Dataset records =>

lemma prime_elem_geom_poly:
  assumes p: "prime p"
  shows "prime_elem (geom_poly p)"
proof -
  have p0: "p > 0"
    using p prime_gt_0_nat by blast
  have "irreducible (geom_poly p)"
  proof (rule irreducibleI)
    show "geom_poly p \<noteq> 0" "\<not> is_unit (geom_poly p)"
      using content_geom_poly[OF p0] degree_geom_poly[OF p0] prime_gt_1_nat[OF p]
      by (auto simp: is_unit_poly_iff)
  next
    fix A B assume AB: "geom_poly p = A * B"
    have "content A * content B = 1"
      using content_geom_poly[OF p0] by (simp add: AB content_mult)
    then have "is_unit (content A)" "is_unit (content B)"
      by (metis dvd_triv_left dvd_triv_right)+
    moreover have "is_unit C" if "degree C = 0" "is_unit (content C)" for C :: "int poly"
      using that by (elim degree_eq_zeroE) (simp add: is_unit_const_poly_iff)
    ultimately show "is_unit A \<or> is_unit B"
      using geom_poly_factor_const[OF p AB[symmetric]] by blast
  qed
  then show ?thesis
    by (simp add: prime_elem_iff_irreducible)
qed

section \<open>Vanishing sums of \<open>p\<close>-th roots of unity\<close>

definition omega :: "nat \<Rightarrow> complex" where
  "omega p = cis (2 * pi / real p)"

lemma omega_pow: "omega p ^ k = root_pow p (int k)"
  by (simp add: omega_def root_pow_def DeMoivre mult_ac)

lemma root_pow_add: "root_pow p (a + b) = root_pow p a * root_pow p b"
  by (simp add: root_pow_def cis_mult add_divide_distrib distrib_left)

lemma root_pow_mult_of_nat: "root_pow p (a * int k) = root_pow p a ^ k"
  by (simp add: root_pow_def DeMoivre mult_ac)

lemma root_pow_mult_cnj: "root_pow p a * cnj (root_pow p b) = root_pow p (a - b)"
  by (simp add: root_pow_def cis_cnj cis_mult diff_divide_distrib right_diff_distrib)

lemma root_pow_multiple:
  assumes "p > 0"
  shows "root_pow p (int p * q) = 1"
proof -
  have "2 * pi * real_of_int (int p * q) / real p = 2 * pi * real_of_int q"
    using assms by simp
  then show ?thesis
    by (simp only: root_pow_def) (rule cis_multiple_2pi, simp)
qed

Work order => Give back the entries above precisely as they appear.

Task answer =>
lemma prime_elem_geom_poly:
  assumes p: "prime p"
  shows "prime_elem (geom_poly p)"
proof -
  have p0: "p > 0"
    using p prime_gt_0_nat by blast
  have "irreducible (geom_poly p)"
  proof (rule irreducibleI)
    show "geom_poly p \<noteq> 0" "\<not> is_unit (geom_poly p)"
      using content_geom_poly[OF p0] degree_geom_poly[OF p0] prime_gt_1_nat[OF p]
      by (auto simp: is_unit_poly_iff)
  next
    fix A B assume AB: "geom_poly p = A * B"
    have "content A * content B = 1"
      using content_geom_poly[OF p0] by (simp add: AB content_mult)
    then have "is_unit (content A)" "is_unit (content B)"
      by (metis dvd_triv_left dvd_triv_right)+
    moreover have "is_unit C" if "degree C = 0" "is_unit (content C)" for C :: "int poly"
      using that by (elim degree_eq_zeroE) (simp add: is_unit_const_poly_iff)
    ultimately show "is_unit A \<or> is_unit B"
      using geom_poly_factor_const[OF p AB[symmetric]] by blast
  qed
  then show ?thesis
    by (simp add: prime_elem_iff_irreducible)
qed

section \<open>Vanishing sums of \<open>p\<close>-th roots of unity\<close>

definition omega :: "nat \<Rightarrow> complex" where
  "omega p = cis (2 * pi / real p)"

lemma omega_pow: "omega p ^ k = root_pow p (int k)"
  by (simp add: omega_def root_pow_def DeMoivre mult_ac)

lemma root_pow_add: "root_pow p (a + b) = root_pow p a * root_pow p b"
  by (simp add: root_pow_def cis_mult add_divide_distrib distrib_left)

lemma root_pow_mult_of_nat: "root_pow p (a * int k) = root_pow p a ^ k"
  by (simp add: root_pow_def DeMoivre mult_ac)

lemma root_pow_mult_cnj: "root_pow p a * cnj (root_pow p b) = root_pow p (a - b)"
  by (simp add: root_pow_def cis_cnj cis_mult diff_divide_distrib right_diff_distrib)

lemma root_pow_multiple:
  assumes "p > 0"
  shows "root_pow p (int p * q) = 1"
proof -
  have "2 * pi * real_of_int (int p * q) / real p = 2 * pi * real_of_int q"
    using assms by simp
  then show ?thesis
    by (simp only: root_pow_def) (rule cis_multiple_2pi, simp)
qed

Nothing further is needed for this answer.